Mas quando se trata do recolhimento da taxa assistencial, que é vital para a manutenção das entidades, surge a oposição sistemática do Ministério Público e do Tribunal Superior do Trabalho (TST) com a alegação de que a contribuição deva valer apenas para associados, sem levar em conta a extensão dos benefícios à totalidade da classe.
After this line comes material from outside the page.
(* In the D-RR setting under the nonconvex assumptions, let $\alpha_t=\alpha$ for all $t$ with $0<\alpha\le\min\big\{\frac{1}{2\sqrt6\,mL},\frac{1-\rho_w^2}{4\sqrt6\,L}\big\}$. Then for every epoch $t$ (and every realization of the permutations), with $\mathcal L_t:=\frac1n\sum_{\ell=0}^{m-1}\|\mathbf x_t^\ell-\mathbf 1(\bar x_t^\ell)^\intercal\|^2+\sum_{\ell=0}^{m-1}\|\bar x_t^\ell-\bar x_t^0\|^2$, $$\mathcal L_t\le\frac{4}{n(1-\rho_w^2)}\|\mathbf x_t^0-\mathbf 1(\bar x_t^0)^\intercal\|^2+\frac{6m^2\alpha^2B^2(m+4)}{(1-\rho_w^2)^2}+\frac{6\alpha^2m(4+m^2)}{(1-\rho_w^2)^2}\|\nabla f(\bar x_t^0)\|^2+\frac{12m^2\alpha^2A(4+m)}{1-\rho_w^2}\big(f(\bar x_t^0)-\bar f\big),$$ and $$\|\mathbf x_{t+1}^0-\mathbf 1(\bar x_{t+1}^0)^\intercal\|^2\le\Big(\frac{1+\rho_w^2}{2}\Big)^m\|\mathbf x_t^0-\mathbf 1(\bar x_t^0)^\intercal\|^2+\frac{12\alpha^2nL^2}{1-\rho_w^2}\mathcal L_t+\frac{6\alpha^2mnB^2}{1-\rho_w^2}+\frac{6\alpha^2mn}{1-\rho_w^2}\|\nabla f(\bar x_t^0)\|^2+\frac{12A\alpha^2mn}{1-\rho_w^2}\big(f(\bar x_t^0)-\bar f\big).$$
   Context: D-RR setting. Let $n,m,p\ge1$ be integers and $[k]=\{1,\dots,k\}$. For $i\in[n]$, $\ell\in[m]$ let $f_{i,\ell}:\mathbb{R}^p\to\mathbb{R}$ be differentiable; $f_i:=\frac1m\sum_{\ell=1}^m f_{i,\ell}$, $f:=\frac1n\sum_{i=1}^n f_i$. Let $W=(w_{ij})\in\mathbb{R}^{n\times n}$ be nonnegative, symmetric, with $W\mathbf 1=\mathbf 1$, compliant with an undirected connected graph on $[n]$ (for $i\ne j$, $w_{ij}>0$ iff $\{i,j\}$ is an edge); $\rho_w$ is the spectral norm of $W-\frac1n\mathbf 1\mathbf 1^\intercal$ (so $\rho_w<1$). The D-RR algorithm: given initial points $x_{i,0}\in\mathbb{R}^p$ and stepsizes $\alpha_t>0$, at each epoch $t=0,1,\dots$ each agent $i$ draws a permutation $(\pi^i_0,\dots,\pi^i_{m-1})$ of $[m]$ uniformly at random, independently across agents and epochs; sets $x^0_{i,t}=x_{i,t}$; for $\ell=0,\dots,m-1$ sets $x^{\ell+1}_{i,t}=\sum_{j=1}^n w_{ij}\big(x^\ell_{j,t}-\alpha_t\nabla f_{j,\pi^j_\ell}(x^\ell_{j,t})\big)$; sets $x_{i,t+1}=x^m_{i,t}$. Notation: $\mathbf{x}_t^\ell\in\mathbb{R}^{n\times p}$ has $i$-th row $(x^\ell_{i,t})^\intercal$; $\bar x_t^\ell=\frac1n\sum_i x^\ell_{i,t}$; $\mathbf 1(\bar x_t^\ell)^\intercal$ is the $n\times p$ matrix all of whose rows equal $(\bar x_t^\ell)^\intercal$; $\|\cdot\|$ is Euclidean/Frobenius norm. Nonconvex assumptions: each $f_{i,\ell}$ has $L$-Lipschitz gradient and satisfies $f_{i,\ell}\ge\bar f_{i,\ell}$ for some constant $\bar f_{i,\ell}\in\mathbb{R}$; $\bar f:=\inf_x f(x)$; $A:=2L$; $B^2:=2L\big(\bar f-\frac{1}{mn}\sum_{i,\ell}\bar f_{i,\ell}\big)$. *)

theory Defs
  imports "HOL-Analysis.Analysis"
begin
Tal intervenção é mal vista pelos sindicalistas, que não concordam com a imposição de assinatura de um Termo de Ajuste de Conduta (TAC), que focaliza unicamente a cláusula em favor do sindicato, mas desconsidera o mérito de uma convenção coletiva inteira.

 

“Não é possível discutir a sobrevivência da estrutura sindical sem admitir a necessidade da cobrança de contribuições para o conjunto da categoria representada”, desabafou o dirigente sindical, questionando o que seria dos partidos sem o sustento do Fundo Partidário e da OAB sem a contribuição paga pelos advogados. A reforma trabalhista dificultou o sistema vigente de financiamento dos sindicatos e retirou das assembleias o poder decisório dos trabalhadores, ao estabelecer a autorização expressa de contribuições firmadas em convenções coletivas.

 

A hora da mudança vai chegar

 

Diante de representantes do movimento social e de entidades representativas, o Secretário de Relações Institucionais da UGT alertou que a classe trabalhadora é “uma maioria silenciosa, que falará na devida hora”, fazendo menção direta ao pleito eleitoral de outubro. Salaberry apontou o Senador Paulo Paim exemplo, dizendo que ele é o único senador gaúcho a defender uma legislação protetora, que favoreça as negociações coletivas. O sindicalista reprovou a postura de parlamentares que votaram na reforma trabalhista e defendeu que a punição venha com a derrota nas urnas, no momento da renovação do mandato, em outubro.

 

Ao encerrar o pronunciamento, o dirigente da UGT rejeitou a opressão ao movimento sindical orquestrada por governistas, com o apoio de maus políticos, mas frisou que a população e os trabalhadores são detentores do que chamou de “arma letal”, que é o título eleitoral, capaz de demonstrar a vontade por renovação em todas as instâncias de representação.